Chief executive contender John Tsang has said in his election platform that there is no reason for the Hong Kong government to delay the legislation of the controversial national security law any longer.
The legislation of Article 23 of the Basic Law was scrapped after half a million people marched in protest in 2003. As part of his 18-chapter campaign platform published online on Monday, Tsang said the Basic Law has now been implemented for close to 20 years and the security law should be enacted.
“I believe the main concern is not about whether to legislate or not, but about the details of the law and the legislative procedures,” he wrote. “We will learn from the past mistakes and do our best to legislate for Article 23 with a view to safeguarding the security of our country and Hong Kong and making a law acceptable to the people of Hong Kong.”
His platform was published days after he launched a public fundraising campaign. As of Monday lunchtime, he has raised over HK$4 million.
Tsang said the implementation of Article 23 will take place in a form of “white bill” with a consultation to address people’s concern, and a step-by-step approach.
He said the government must restart the political reform process to achieve dual universal suffrage for the chief executive and legislature, without directly mentioning if he supports Beijing’s 2014 decision that it must vet chief executive candidates. The decision triggered the mass protests occupying streets that year.
“I will, with utmost sincerity, closely communicate with different groups and political parties, and facilitate dialogues among these groups/parties and that with the Central Government, with a view to removing misunderstandings, narrowing differences, finding common grounds and building consensus. When the time is ripe, we will make concrete proposals to meet the people’s aspiration for universal suffrage.”

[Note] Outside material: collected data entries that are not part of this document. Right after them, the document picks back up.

(* Let ${\bf S}$ be any logic over $For$ (a consequence relation $\vdash_{\bf S}$) lying between ${\bf Km}$ and ${\bf T45m}$, i.e. $\Gamma\vdash_{\bf Km}\alpha$ implies $\Gamma\vdash_{\bf S}\alpha$, and $\Gamma\vdash_{\bf S}\alpha$ implies $\Gamma\vdash_{\bf T45m}\alpha$, for all $\Gamma\cup\{\alpha\}\subseteq For$. Then ${\bf S}$ is a conservative extension of classical propositional logic ${\bf PC}$: for every formula $\alpha$ built from propositional variables using only $\neg$ and $\to$, $\vdash_{\bf S}\alpha$ iff $\alpha$ is a classical tautology.
   Context: Formulas are built from a denumerable set of propositional variables by the unary connectives $\neg$, $\Box$ and the binary connective $\to$; $For$ is the set of all formulas. Abbreviations: $\Diamond\alpha:=\neg\Box\neg\alpha$, $\alpha\vee\beta:=\neg\alpha\to\beta$, $\alpha\wedge\beta:=\neg(\alpha\to\neg\beta)$. All Hilbert calculi below have as axioms all instances (over $For$) of the axiom schemas of a standard Hilbert calculus for classical propositional logic in the signature $\{\neg,\to\}$, plus the listed modal schemas, with modus ponens as the only rule; $\Gamma\vdash_{\bf L}\alpha$ means there is a derivation of $\alpha$ from $\Gamma$ in ${\bf L}$. ${\bf Km}$: (K') $\Diamond\alpha\to(\Box(\alpha\to\beta)\to(\Box\alpha\to\Box\beta))$; (K1') $\Diamond\neg\beta\to(\Box(\alpha\to\beta)\to(\Diamond\alpha\to\Diamond\beta))$; (K2') $\Diamond\alpha\to(\Diamond(\alpha\to\beta)\to(\Box\alpha\to\Diamond\beta))$; (M3') $(\Diamond\alpha\vee\Diamond\neg\alpha)\to(\Diamond\beta\to\Diamond(\alpha\to\beta))$; (M4') $\Diamond\neg\beta\to(\Diamond\neg\alpha\to\Diamond(\alpha\to\beta))$; (I1) $(\Box\alpha\wedge\Box\neg\alpha)\to(\Box(\alpha\to\beta)\wedge\Box\neg(\alpha\to\beta))$; (I2) $(\Box\beta\wedge\Box\neg\beta)\to(\Box(\alpha\to\beta)\wedge\Box\neg(\alpha\to\beta))$; (M1) $\neg\Diamond\alpha\to\Box(\alpha\to\beta)$; (M2) $\Box\beta\to\Box(\alpha\to\beta)$; (DN1) $\Box\alpha\to\Box\neg\neg\alpha$; (DN2) $\Box\neg\neg\alpha\to\Box\alpha$. ${\bf T45m}$: (K) $\Box(\alpha\to\beta)\to(\Box\alpha\to\Box\beta)$; (K1) $\Box(\alpha\to\beta)\to(\Diamond\alpha\to\Diamond\beta)$; (K2) $\Diamond(\alpha\to\beta)\to(\Box\alpha\to\Diamond\beta)$; (M1); (M2); (M3) $\Diamond\beta\to\Diamond(\alpha\to\beta)$; (M4) $\Diamond\neg\alpha\to\Diamond(\alpha\to\beta)$; (T) $\Box\alpha\to\alpha$; (DN1); (DN2); (4) $\Box\alpha\to\Box\Box\alpha$; (5) $\Diamond\Box\alpha\to\Box\alpha$. *)

theory Defs
  imports Main
begin

datatype fm = Var nat | Neg fm | Imp fm fm | Box fm

definition Dia :: "fm \<Rightarrow> fm" where "Dia a = Neg (Box (Neg a))"
definition Or :: "fm \<Rightarrow> fm \<Rightarrow> fm" where "Or a b = Imp (Neg a) b"
definition And :: "fm \<Rightarrow> fm \<Rightarrow> fm" where "And a b = Neg (Imp a (Neg b))"

inductive pc_ax :: "fm \<Rightarrow> bool" where
  A1: "pc_ax (Imp a (Imp b a))"
| A2: "pc_ax (Imp (Imp a (Imp b c)) (Imp (Imp a b) (Imp a c)))"
| A3: "pc_ax (Imp (Imp (Neg a) (Neg b)) (Imp b a))"

inductive km_ax :: "fm \<Rightarrow> bool" where
  Kp:  "km_ax (Imp (Dia a) (Imp (Box (Imp a b)) (Imp (Box a) (Box b))))"
| K1p: "km_ax (Imp (Dia (Neg b)) (Imp (Box (Imp a b)) (Imp (Dia a) (Dia b))))"
| K2p: "km_ax (Imp (Dia a) (Imp (Dia (Imp a b)) (Imp (Box a) (Dia b))))"
| M3p: "km_ax (Imp (Or (Dia a) (Dia (Neg a))) (Imp (Dia b) (Dia (Imp a b))))"
| M4p: "km_ax (Imp (Dia (Neg b)) (Imp (Dia (Neg a)) (Dia (Imp a b))))"
| I1:  "km_ax (Imp (And (Box a) (Box (Neg a))) (And (Box (Imp a b)) (Box (Neg (Imp a b)))))"
| I2:  "km_ax (Imp (And (Box b) (Box (Neg b))) (And (Box (Imp a b)) (Box (Neg (Imp a b)))))"
| M1:  "km_ax (Imp (Neg (Dia a)) (Box (Imp a b)))"
| M2:  "km_ax (Imp (Box b) (Box (Imp a b)))"
| DN1: "km_ax (Imp (Box a) (Box (Neg (Neg a))))"
| DN2: "km_ax (Imp (Box (Neg (Neg a))) (Box a))"

inductive t45m_ax :: "fm \<Rightarrow> bool" where
  K:   "t45m_ax (Imp (Box (Imp a b)) (Imp (Box a) (Box b)))"
| K1:  "t45m_ax (Imp (Box (Imp a b)) (Imp (Dia a) (Dia b)))"
| K2:  "t45m_ax (Imp (Dia (Imp a b)) (Imp (Box a) (Dia b)))"
| M1:  "t45m_ax (Imp (Neg (Dia a)) (Box (Imp a b)))"
| M2:  "t45m_ax (Imp (Box b) (Box (Imp a b)))"
| M3:  "t45m_ax (Imp (Dia b) (Dia (Imp a b)))"
| M4:  "t45m_ax (Imp (Dia (Neg a)) (Dia (Imp a b)))"
| T:   "t45m_ax (Imp (Box a) a)"
| DN1: "t45m_ax (Imp (Box a) (Box (Neg (Neg a))))"
| DN2: "t45m_ax (Imp (Box (Neg (Neg a))) (Box a))"
| Four: "t45m_ax (Imp (Box a) (Box (Box a)))"
| Five: "t45m_ax (Imp (Dia (Box a)) (Box a))"

inductive derives :: "(fm \<Rightarrow> bool) \<Rightarrow> fm set \<Rightarrow> fm \<Rightarrow> bool" for ax where
  prem: "a \<in> \<Gamma> \<Longrightarrow> derives ax \<Gamma> a"
| pc: "pc_ax a \<Longrightarrow> derives ax \<Gamma> a"
| modal: "ax a \<Longrightarrow> derives ax \<Gamma> a"
| mp: "derives ax \<Gamma> a \<Longrightarrow> derives ax \<Gamma> (Imp a b) \<Longrightarrow> derives ax \<Gamma> b"

abbreviation derives_Km :: "fm set \<Rightarrow> fm \<Rightarrow> bool" where
  "derives_Km \<equiv> derives km_ax"
abbreviation derives_T45m :: "fm set \<Rightarrow> fm \<Rightarrow> bool" where
  "derives_T45m \<equiv> derives t45m_ax"

definition consequence_relation :: "(fm set \<Rightarrow> fm \<Rightarrow> bool) \<Rightarrow> bool" where
  "consequence_relation S \<longleftrightarrow>
     (\<forall>\<Gamma> a. a \<in> \<Gamma> \<longrightarrow> S \<Gamma> a) \<and>
     (\<forall>\<Gamma> \<Delta> a. S \<Gamma> a \<and> \<Gamma> \<subseteq> \<Delta> \<longrightarrow> S \<Delta> a) \<and>
     (\<forall>\<Gamma> \<Delta> a. (\<forall>b\<in>\<Delta>. S \<Gamma> b) \<and> S (\<Gamma> \<union> \<Delta>) a \<longrightarrow> S \<Gamma> a)"

fun box_free :: "fm \<Rightarrow> bool" where
  "box_free (Var n) = True"
| "box_free (Neg a) = box_free a"
| "box_free (Imp a b) = (box_free a \<and> box_free b)"
| "box_free (Box a) = False"

text \<open>Classical two-valued evaluation (Box case irrelevant for box-free formulas).\<close>
fun eval :: "(nat \<Rightarrow> bool) \<Rightarrow> fm \<Rightarrow> bool" where
  "eval v (Var n) = v n"
| "eval v (Neg a) = (\<not> eval v a)"
| "eval v (Imp a b) = (eval v a \<longrightarrow> eval v b)"
| "eval v (Box a) = False"

definition tautology :: "fm \<Rightarrow> bool" where
  "tautology a \<longleftrightarrow> (\<forall>v. eval v a)"

end

theory Submission
  imports Defs
begin

text \<open>Every calculus in question extends the Lukasiewicz axioms with modus ponens, so Kalmar's
  completeness argument puts every classical tautology into Km, hence into S. Conversely,
  reading Box as the identity (the one-world reflexive frame) makes every axiom of T45m a
  classical tautology, so every theorem of S, being a theorem of T45m, is valid under that
  reading; on box-free formulas this reading is ordinary two-valued evaluation.\<close>

fun eval_box_id :: "(nat \<Rightarrow> bool) \<Rightarrow> fm \<Rightarrow> bool" where
  "eval_box_id v (Var n) = v n"
| "eval_box_id v (Neg a) = (\<not> eval_box_id v a)"
| "eval_box_id v (Imp a b) = (eval_box_id v a \<longrightarrow> eval_box_id v b)"
| "eval_box_id v (Box a) = eval_box_id v a"

lemma eval_box_id_box_free: "box_free a \<Longrightarrow> eval_box_id v a = eval v a"
  by (induction a) auto

lemma derives_T45m_sound:
  assumes "derives_T45m \<Gamma> a" and "\<forall>b\<in>\<Gamma>. eval_box_id v b"
  shows "eval_box_id v a"
  using assms
proof (induction rule: derives.induct)
  case (pc a \<Gamma>)
  then show ?case by (cases rule: pc_ax.cases) auto
next
  case (modal a \<Gamma>)
  then show ?case by (cases rule: t45m_ax.cases) (auto simp: Dia_def)
qed auto

lemma derives_mono: "derives ax \<Gamma> a \<Longrightarrow> \<Gamma> \<subseteq> \<Delta> \<Longrightarrow> derives ax \<Delta> a"
  by (induction rule: derives.induct) (auto intro: derives.intros)

lemma derives_mp: "derives ax \<Gamma> (Imp a b) \<Longrightarrow> derives ax \<Gamma> a \<Longrightarrow> derives ax \<Gamma> b"
  by (rule derives.mp)

lemma derives_A1: "derives ax \<Gamma> (Imp a (Imp b a))"
  by (intro derives.pc pc_ax.A1)

lemma derives_A2: "derives ax \<Gamma> (Imp (Imp a (Imp b c)) (Imp (Imp a b) (Imp a c)))"
  by (intro derives.pc pc_ax.A2)

lemma derives_A3: "derives ax \<Gamma> (Imp (Imp (Neg a) (Neg b)) (Imp b a))"
  by (intro derives.pc pc_ax.A3)

lemma derives_imp_refl: "derives ax \<Gamma> (Imp a a)"
  using derives_mp[OF derives_mp[OF derives_A2 derives_A1] derives_A1[where b = a]] .

lemma deduction_theorem:
  assumes "derives ax (insert a \<Gamma>) b"
  shows "derives ax \<Gamma> (Imp a b)"
  using assms
proof (induction "insert a \<Gamma>" b rule: derives.induct)
  case (prem b)
  then show ?case
    using derives_imp_refl derives_mp[OF derives_A1 derives.prem] by blast
next
  case (pc b)
  then show ?case using derives_mp[OF derives_A1 derives.pc] by blast
next
  case (modal b)
  then show ?case using derives_mp[OF derives_A1 derives.modal] by blast
next
  case (mp b c)
  then show ?case using derives_mp[OF derives_mp[OF derives_A2]] by blast
qed

lemma derives_insert_hyp: "derives ax (insert a \<Gamma>) a"
  by (simp add: derives.prem)

lemma derives_imp_trans:
  assumes "derives ax \<Gamma> (Imp a b)" and "derives ax \<Gamma> (Imp b c)"
  shows "derives ax \<Gamma> (Imp a c)"
proof (rule deduction_theorem)
  have "derives ax (insert a \<Gamma>) b"
    using derives_mp[OF derives_mono[OF assms(1)] derives_insert_hyp] by blast
  then show "derives ax (insert a \<Gamma>) c"
    using derives_mp[OF derives_mono[OF assms(2)]] by blast
qed

lemma derives_ex_falso: "derives ax \<Gamma> (Imp (Neg b) (Imp b c))"
proof (rule deduction_theorem)
  have "derives ax (insert (Neg b) \<Gamma>) (Imp (Neg c) (Neg b))"
    using derives_mp[OF derives_A1 derives_insert_hyp] .
  then show "derives ax (insert (Neg b) \<Gamma>) (Imp b c)"
    using derives_mp[OF derives_A3] by blast
qed

lemma derives_dneg_elim: "derives ax \<Gamma> (Imp (Neg (Neg b)) b)"
proof (rule deduction_theorem)
  let ?\<Delta> = "insert (Neg (Neg b)) \<Gamma>"
  have "derives ax ?\<Delta> (Imp (Neg b) (Neg (Neg (Neg b))))"
    using derives_mp[OF derives_A3 derives_mp[OF derives_A1 derives_insert_hyp]] .
  then have "derives ax ?\<Delta> (Imp (Neg (Neg b)) b)"
    using derives_mp[OF derives_A3] by blast
  then show "derives ax ?\<Delta> b"
    using derives_mp derives_insert_hyp by blast
qed

lemma derives_dneg_intro: "derives ax \<Gamma> (Imp b (Neg (Neg b)))"
  using derives_mp[OF derives_A3 derives_dneg_elim] .

lemma derives_contrapos: "derives ax \<Gamma> (Imp (Imp b c) (Imp (Neg c) (Neg b)))"
proof (rule deduction_theorem)
  let ?\<Delta> = "insert (Imp b c) \<Gamma>"
  have "derives ax ?\<Delta> (Imp (Neg (Neg b)) (Neg (Neg c)))"
    by (intro derives_imp_trans[OF derives_dneg_elim]
        derives_imp_trans[OF derives_insert_hyp derives_dneg_intro])
  then show "derives ax ?\<Delta> (Imp (Neg c) (Neg b))"
    using derives_mp[OF derives_A3] by blast
qed

lemma derives_neg_imp_intro: "derives ax \<Gamma> (Imp b (Imp (Neg c) (Neg (Imp b c))))"
proof (rule deduction_theorem)
  let ?\<Delta> = "insert b \<Gamma>"
  have "derives ax (insert (Imp b c) ?\<Delta>) c"
    by (rule derives_mp[OF derives_insert_hyp]) (simp add: derives.prem)
  then have "derives ax ?\<Delta> (Imp (Imp b c) c)"
    by (rule deduction_theorem)
  then show "derives ax ?\<Delta> (Imp (Neg c) (Neg (Imp b c)))"
    using derives_mp[OF derives_contrapos] by blast
qed

lemma derives_cases: "derives ax \<Gamma> (Imp (Imp b c) (Imp (Imp (Neg b) c) c))"
proof (intro deduction_theorem)
  let ?\<Delta> = "insert (Imp (Neg b) c) (insert (Imp b c) \<Gamma>)"
  let ?\<Delta>' = "insert (Neg c) ?\<Delta>"
  have "derives ax ?\<Delta>' (Neg b)"
    by (rule derives_mp[OF derives_mp[OF derives_contrapos]]) (auto intro: derives.prem)
  moreover have "derives ax ?\<Delta>' (Neg (Neg b))"
    by (rule derives_mp[OF derives_mp[OF derives_contrapos]]) (auto intro: derives.prem)
  ultimately have "derives ax ?\<Delta>' (Neg (Imp c c))"
    using derives_mp[OF derives_mp[OF derives_ex_falso]] by blast
  then have "derives ax ?\<Delta> (Imp (Neg c) (Neg (Imp c c)))"
    by (rule deduction_theorem)
  then show "derives ax ?\<Delta> c"
    using derives_mp[OF derives_mp[OF derives_A3] derives_imp_refl] by blast
qed

fun vars :: "fm \<Rightarrow> nat set" where
  "vars (Var n) = {n}"
| "vars (Neg a) = vars a"
| "vars (Imp a b) = vars a \<union> vars b"
| "vars (Box a) = vars a"

lemma finite_vars: "finite (vars a)"
  by (induction a) auto

definition literal :: "(nat \<Rightarrow> bool) \<Rightarrow> nat \<Rightarrow> fm" where
  "literal v n = (if v n then Var n else Neg (Var n))"

lemma kalmar_lemma:
  assumes "box_free a" and "vars a \<subseteq> X"
  shows "derives ax (literal v ` X) (if eval v a then a else Neg a)"
  using assms
proof (induction a)
  case (Var n)
  then show ?case by (intro derives.prem) (auto simp: literal_def)
next
  case (Neg b)
  then show ?case using derives_mp[OF derives_dneg_intro] by auto
next
  case (Imp b c)
  then have b: "derives ax (literal v ` X) (if eval v b then b else Neg b)"
    and c: "derives ax (literal v ` X) (if eval v c then c else Neg c)"
    by auto
  consider "\<not> eval v b" | "eval v c" | "eval v b" "\<not> eval v c"
    by blast
  then show ?case
  proof cases
    case 1
    then show ?thesis using derives_mp[OF derives_ex_falso] b by auto
  next
    case 2
    then show ?thesis using derives_mp[OF derives_A1] c by auto
  next
    case 3
    then show ?thesis using derives_mp[OF derives_mp[OF derives_neg_imp_intro]] b c by auto
  qed
qed simp

lemma derives_from_all_literal_sets:
  assumes "finite X" and "\<And>v. derives ax (literal v ` X) a"
  shows "derives ax {} a"
  using assms
proof (induction X rule: finite_induct)
  case empty
  then show ?case by simp
next
  case (insert n X)
  have "derives ax (literal v ` X) a" for v
  proof -
    have "literal (v(n := t)) ` insert n X = insert (literal (v(n := t)) n) (literal v ` X)" for t
      using insert.hyps(2) by (auto simp: literal_def)
    then have "derives ax (insert (literal (v(n := t)) n) (literal v ` X)) a" for t
      using insert.prems[of "v(n := t)"] by metis
    from this[of True] this[of False]
    have "derives ax (literal v ` X) (Imp (Var n) a)"
      and "derives ax (literal v ` X) (Imp (Neg (Var n)) a)"
      by (simp_all add: literal_def deduction_theorem)
    then show ?thesis
      using derives_mp[OF derives_mp[OF derives_cases]] by blast
  qed
  then show ?case by (rule insert.IH)
qed

theorem derives_tautology:
  assumes "box_free a" and "tautology a"
  shows "derives ax {} a"
proof (rule derives_from_all_literal_sets[OF finite_vars])
  fix v
  show "derives ax (literal v ` vars a) a"
    using kalmar_lemma[OF assms(1) order_refl, of ax v] assms(2)
    by (simp add: tautology_def)
qed

theorem mainTheorem17:
  fixes S :: "fm set \<Rightarrow> fm \<Rightarrow> bool"
  assumes "consequence_relation S"
    and "\<And>\<Gamma> a. derives_Km \<Gamma> a \<Longrightarrow> S \<Gamma> a"
    and "\<And>\<Gamma> a. S \<Gamma> a \<Longrightarrow> derives_T45m \<Gamma> a"
  shows "\<forall>a. box_free a \<longrightarrow> (S {} a \<longleftrightarrow> tautology a)"
proof (intro allI impI iffI)
  fix a
  assume "box_free a"
  show "tautology a" if "S {} a"
  proof -
    have "derives_T45m {} a" using assms(3) that .
    then show ?thesis
      using derives_T45m_sound \<open>box_free a\<close>
      by (auto simp: tautology_def eval_box_id_box_free[symmetric])
  qed
  show "S {} a" if "tautology a"
    using assms(2) derives_tautology \<open>box_free a\<close> that .
qed

end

The platform included major changes to government structure, education, housing and elderly care under the theme “convergence of hearts, proactive enablement.”
“This platform outlines my vision for Hong Kong for the next two to three decades,” he wrote. “I believe that the government’s most urgent task in the next five years, apart from rebuilding trust, unity and hope, is to increase the supply of land and housing, nurture talents and make preparations for an ageing society.”
Tsang proposed a new Culture and Sport Bureau and pledged a significant reorganisation of the structure of the current 13 bureaus through a reshuffling of tasks.
He also proposed shifting the management of some bureaus from the chief secretary to the financial secretary. The former now manages nine bureaus, but under his plan only seven will be under it.
Hong Kong history
There will be a new Secretary for Education & Labour, and a separate mid-ranking Director of Education will be re-established.
He proposed that Chinese history will be an independent, compulsory subject in junior secondary schools and, at the same time, Hong Kong history should be taught: “[T]he birth of the Basic Law and the ‘One Country Two Systems’ concept, will be covered.”
Other measures include abolishing the controversial TSA/BCA tests for all students, new education schemes such as computer programming, and the cultivation of diverse talents with reference to the German vocational education system.
Tsang said using the Chinese Renminbi as the currency for reserve and settlement would help reduce exchange rate risks in trade. If elected, his government will also look into progressive profits tax and negative income tax.
He proposed labour importation for construction, but did not promise a standing work hours legislation but to use contractual hours as a starting point.
He also proposed a means-tested retirement protection system, but a universal pension scheme. He did not directly cancel the controversial MPF offsetting scheme.
Tsang aimed at responding to rising public expectations related to the government.
He wrote that sections 3 and 8 of the Prevention of Bribery Ordinance should be applicable to the chief executive, and an independent committee will be set up to grant permission for the city’s leader to accept certain advantages.
He said the administration will also invite its Government Chief Information Officer and the Efficiency Unit to review and streamline the workflow in departments and increase technology use to enhance efficiency and transparency.
On housing, Tsang proposed going ahead with the controversial East Lantau Metropolis reclamation plan. The reclamations will form a new central business district as suggested by incumbent Chief Executive Leung Chun-ying. The New Territories North development will also be conducted.
He said his government would ensure country parks and ecologically sensitive marine areas were not affected.
Other measures include increasing public housing and the supply of home-ownership flats, and reviewing the Small House Policy.